Fungal ITS UNITE Naive Baysian Classifier problem

chaibenl · January 12, 2020, 2:55am

Dear Qiime 2 help desk,
I met a strange problem using a UNITE ITS-trained classifier in Qiime 2, i.e. some sequences are classified with significantly lower resolutions if they are submitted with other sequences than that they are submitted alone!

I picked up two sequences to make a very simple example:

123830878d97229ae38d4d57ca68335c
ATGATTACATTCATTACATTTAGAAGTTTGTGTAAAACGTGCCGAAGCACATAAACAGTTCACAGGTGTAGATGGGTAGATAAATGGACCAAAGTCCAATATTCTCTACTGATCCTTCCGCAG
10ad94d905b178072ca910a1bb446c1d
TAGAGAATATTGGACTTTGGTCCATTTATCTACCCATCTACACCTGTGAACTGTTTATGTGCTTCGGCACGTTTTACACAAACTTCTAAATGTAATGAATGTAATCATATTATAACAATAATA

When individually submitted, they were both classified as: k__Fungi;p__Basidiomycota;c__Tremellomycetes;o__Tremellales;f__Tremellaceae;g__Cryptococcus;s__Cryptococcus_neoformans

However, sequence "123830878d97229ae38d4d57ca68335c" was classified as "k__Fungi" when these two sequences were submitted to the classifier together!

I would greatly appreciate if you would help to run the UNITE classifier on these two sequences and to see if the same observations can reproduced. Thank you so much!

I am using qiime2-2019.4. The following were what I did:

I downloaded a 2017 UNITE reference set from (wget https://files.plutof.ut.ee/doi/0A/0B/0A0B25526F599E87A1E8D7C612D23AF7205F0239978CBD9C491767A0C1D237CC.zip).
I fit the classifier following the exact commands in the tutorial (Fungal ITS analysis tutorial) and generated the classifier file: "unite-ver7-99-classifier-01.12.2017.qza"
The classification command I used was:
qiime feature-classifier classify-sklearn \
--i-classifier unite-ver7-99-classifier-01.12.2017.qza \
--i-reads seq.qza \
--p-confidence 0.7 \
--o-classification seq_tax.qza

Nicholas_Bokulich · January 13, 2020, 2:44am

Hi @chaibenl,
I believe the issue is that your input sequences are in mixed orientations (i.e., one is in the forward orientation relative to the reference sequences, and the other is in the reverse orientation).

classify-sklearn cannot currently handle mixed-orientation sequences, rather it tries to guess the orientation of sequences based on the first 100 or so sequences.

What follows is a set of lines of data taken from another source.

(* f maps {y \<in> C. Min C < y \<le> x} injectively into the equally large set {y \<in> C. y < x},
   hence onto it; only x can be the preimage of the maximum, as f moves every other
   candidate below itself. *)
lemma decreasing_perm_eq_Max_less:
  fixes f :: "'a::linorder \<Rightarrow> 'a"
  assumes fin: "finite C" and im: "f ` C \<subseteq> C" and inj: "inj_on f C"
    and dec: "\<And>c. c \<in> C \<Longrightarrow> c \<noteq> Min C \<Longrightarrow> f c < c"
    and x: "x \<in> C" "x \<noteq> Min C"
  shows "f x = Max {y \<in> C. y < x}"
proof -
  define D where "D = {y \<in> C. Min C < y \<and> y \<le> x}"
  define E where "E = {y \<in> C. y < x}"
  have fin_DE: "finite D" "finite E" using fin by (auto simp: D_def E_def)
  have Min_x: "Min C < x" using Min_le[OF fin x(1)] x(2) by simp
  have "f ` D \<subseteq> E"
  proof
    fix z assume "z \<in> f ` D"
    then obtain y where "y \<in> D" "z = f y" by blast
    then show "z \<in> E" using dec[of y] im by (force simp: D_def E_def)
  qed
  moreover have "card D = card E"
  proof -
    have "insert (Min C) D = insert x E"
      using Min_x x Min_in[OF fin] Min_le[OF fin] by (auto simp: D_def E_def order_less_le)
    moreover have "Min C \<notin> D" "x \<notin> E" by (auto simp: D_def E_def)
    ultimately show ?thesis using fin_DE by (metis card_insert_disjoint diff_Suc_1)
  qed
  moreover have "card (f ` D) = card D"
    using inj by (intro card_image) (auto simp: D_def intro: inj_on_subset)
  ultimately have fD: "f ` D = E" using fin_DE by (metis card_subset_eq)
  have "Min C \<in> E" using Min_x Min_in[OF fin] x by (auto simp: E_def)
  then have "Max E \<in> E" using fin_DE by (intro Max_in) auto
  then obtain y where y: "y \<in> D" "f y = Max E" using fD by (metis imageE)
  have "y = x"
  proof (rule ccontr)
    assume "y \<noteq> x"
    then have "y \<in> E" using y by (auto simp: D_def E_def)
    then have "y \<le> Max E" using fin_DE by simp
    moreover have "f y < y" using dec[of y] y(1) by (auto simp: D_def)
    ultimately show False using y by simp
  qed
  then show ?thesis using y by (simp add: E_def)
qed
lemma has_vector_derivative_R_cart:
  assumes ddx: "\<forall>t. (dx has_vector_derivative dx' t) (at t)"
    and ddx': "\<forall>t. (dx' has_vector_derivative dx'' t) (at t)"
    and ddw: "\<forall>i\<in>{1..n}. \<forall>t. (dw i has_vector_derivative dw' i t) (at t)"
  shows "((\<lambda>\<epsilon>. R_cart n m0 m l s dx xi dw du \<epsilon> t) has_vector_derivative
           lin_res_cart n m0 m l s (dx'' t) (\<lambda>j. dw' j t) (du t)) (at 0)"
proof -
  have dW: "vector_derivative (\<lambda>\<tau>. We dw \<epsilon> j \<tau>) (at t) = \<epsilon> *\<^sub>R dw' j t" if "j \<in> {1..n}" for j \<epsilon>
    using ddw that by (simp add: vector_derivative_We)
  have "R_cart n m0 m l s dx xi dw du \<epsilon> t = M00 n m0 m *\<^sub>R (\<epsilon> *\<^sub>R dx'' t)
       - (\<Sum>j = 1..n. M0 n m l j *v cross3 (Qe s xi \<epsilon> j t) (\<epsilon> *\<^sub>R dw' j t))
       - ((\<Sum>j = 1..n. (\<epsilon>\<^sup>2 * (norm (dw j t))\<^sup>2) *\<^sub>R (M0 n m l j *v Qe s xi \<epsilon> j t)) + \<epsilon> *\<^sub>R du t)"
    for \<epsilon>
    unfolding R_cart_def res_cart_def second_derivative_Xe[OF ddx ddx'] Ue_def
    by (intro arg_cong2[where f="(-)"] arg_cong2[where f="(+)"] refl sum.cong)
      (auto simp: dW hat_mult_vec We_def power_mult_distrib)
  moreover have "((\<lambda>\<epsilon>. M00 n m0 m *\<^sub>R (\<epsilon> *\<^sub>R dx'' t)
       - (\<Sum>j = 1..n. M0 n m l j *v cross3 (Qe s xi \<epsilon> j t) (\<epsilon> *\<^sub>R dw' j t))
       - ((\<Sum>j = 1..n. (\<epsilon>\<^sup>2 * (norm (dw j t))\<^sup>2) *\<^sub>R (M0 n m l j *v Qe s xi \<epsilon> j t)) + \<epsilon> *\<^sub>R du t))
      has_vector_derivative lin_res_cart n m0 m l s (dx'' t) (\<lambda>j. dw' j t) (du t)) (at 0)"
    unfolding lin_res_cart_def
    by (rule derivative_eq_intros has_vector_derivative_id_scaleR has_vector_derivative_Qe
        has_vector_derivative_square_scaleR_at_0 refl | simp add: Qe_zero)+
  ultimately show ?thesis by simp
qed

lemma has_vector_derivative_R_link:
  assumes ddx: "\<forall>t. (dx has_vector_derivative dx' t) (at t)"
    and ddx': "\<forall>t. (dx' has_vector_derivative dx'' t) (at t)"
    and ddw: "\<forall>i\<in>{1..n}. \<forall>t. (dw i has_vector_derivative dw' i t) (at t)"
    and i: "i \<in> {1..n}"
  shows "((\<lambda>\<epsilon>. R_link n m l g s dx xi dw \<epsilon> i t) has_vector_derivative
           lin_res_link n m l g s i (dx'' t) (\<lambda>j. dw' j t) (xi i t)) (at 0)"
proof -
  have dW: "vector_derivative (\<lambda>\<tau>. We dw \<epsilon> j \<tau>) (at t) = \<epsilon> *\<^sub>R dw' j t" if "j \<in> {1..n}" for j \<epsilon>
    using ddw that by (simp add: vector_derivative_We)
  have "R_link n m l g s dx xi dw \<epsilon> i t =
       cross3 (Qe s xi \<epsilon> i t) (Mi0 n m l i *v (\<epsilon> *\<^sub>R dx'' t)) + Mij n m l i i *\<^sub>R (\<epsilon> *\<^sub>R dw' i t)
       - (\<Sum>j \<in> {1..n} - {i}. Mij n m l i j *\<^sub>R
            cross3 (Qe s xi \<epsilon> i t) (cross3 (Qe s xi \<epsilon> j t) (\<epsilon> *\<^sub>R dw' j t)))
       - ((\<Sum>j \<in> {1..n} - {i}. (\<epsilon>\<^sup>2 * (Mij n m l i j * (norm (dw j t))\<^sup>2)) *\<^sub>R
            cross3 (Qe s xi \<epsilon> i t) (Qe s xi \<epsilon> j t))
          + (Msum n m i * g * l i) *\<^sub>R cross3 (Qe s xi \<epsilon> i t) e3)" for \<epsilon>
    unfolding R_link_def res_link_def second_derivative_Xe[OF ddx ddx']
    by (intro arg_cong2[where f="(-)"] arg_cong2[where f="(+)"] refl sum.cong)
      (auto simp: dW dW[OF i] hat_mult_vec We_def power_mult_distrib)
  moreover have "((\<lambda>\<epsilon>. cross3 (Qe s xi \<epsilon> i t) (Mi0 n m l i *v (\<epsilon> *\<^sub>R dx'' t))
       + Mij n m l i i *\<^sub>R (\<epsilon> *\<^sub>R dw' i t)
       - (\<Sum>j \<in> {1..n} - {i}. Mij n m l i j *\<^sub>R
            cross3 (Qe s xi \<epsilon> i t) (cross3 (Qe s xi \<epsilon> j t) (\<epsilon> *\<^sub>R dw' j t)))
       - ((\<Sum>j \<in> {1..n} - {i}. (\<epsilon>\<^sup>2 * (Mij n m l i j * (norm (dw j t))\<^sup>2)) *\<^sub>R
            cross3 (Qe s xi \<epsilon> i t) (Qe s xi \<epsilon> j t))
          + (Msum n m i * g * l i) *\<^sub>R cross3 (Qe s xi \<epsilon> i t) e3))
      has_vector_derivative lin_res_link n m l g s i (dx'' t) (\<lambda>j. dw' j t) (xi i t)) (at 0)"
    unfolding lin_res_link_def
    by (rule derivative_eq_intros has_vector_derivative_id_scaleR has_vector_derivative_Qe
        has_vector_derivative_square_scaleR_at_0 refl | simp add: Qe_zero)+
  ultimately show ?thesis by simp
qed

SO that is why you get the correct classification when you classify one seq alone, but a different answer when classifying the two queries together... the classifications produced by this method should remain constant under normal circumstances.

To fix:

use the classify-consensus-vsearch classifier instead.
put all your sequences in the same orientation. Unfortunately, QIIME 2 does not have an official method for this right now... but if you can figure out a way to re-orient reads outside of QIIME 2 then you can re-import and classification should run smoothly.

Good luck!

Nicholas_Bokulich · January 13, 2020, 8:58pm

2 posts were split to a new topic: Unidentified sequences in the UNITE database — why can classify-sklearn classify these?

chaibenl · January 13, 2020, 10:39pm

Hi, Nicholas,

Great answers!

I do see real ITS sequences assigned to "k__Fungi;p__unidentified;c__unidentified;o__unidentified;f__unidentified;g__unidentified;s__unidentified". Was that because the classifier training set contains sequences labeled as such?

Should only reference sequences with complete annotated lineages (Kingdom to species) be retained as the training set?

Thank you.

Nicholas_Bokulich · January 13, 2020, 11:33pm

yes, if sequences with that annotation are in the classifier then query sequences can be classified as "unidentified" species.

that's totally a matter of personal taste (though it will impact accuracy). Just make sure you clearly document any steps you took to filter the database in any published results

chaibenl · January 16, 2020, 2:37pm

Thank you, Nicholas! That's very helpful.

system · February 16, 2020, 8:37pm

This topic was automatically closed 31 days after the last reply. New replies are no longer allowed.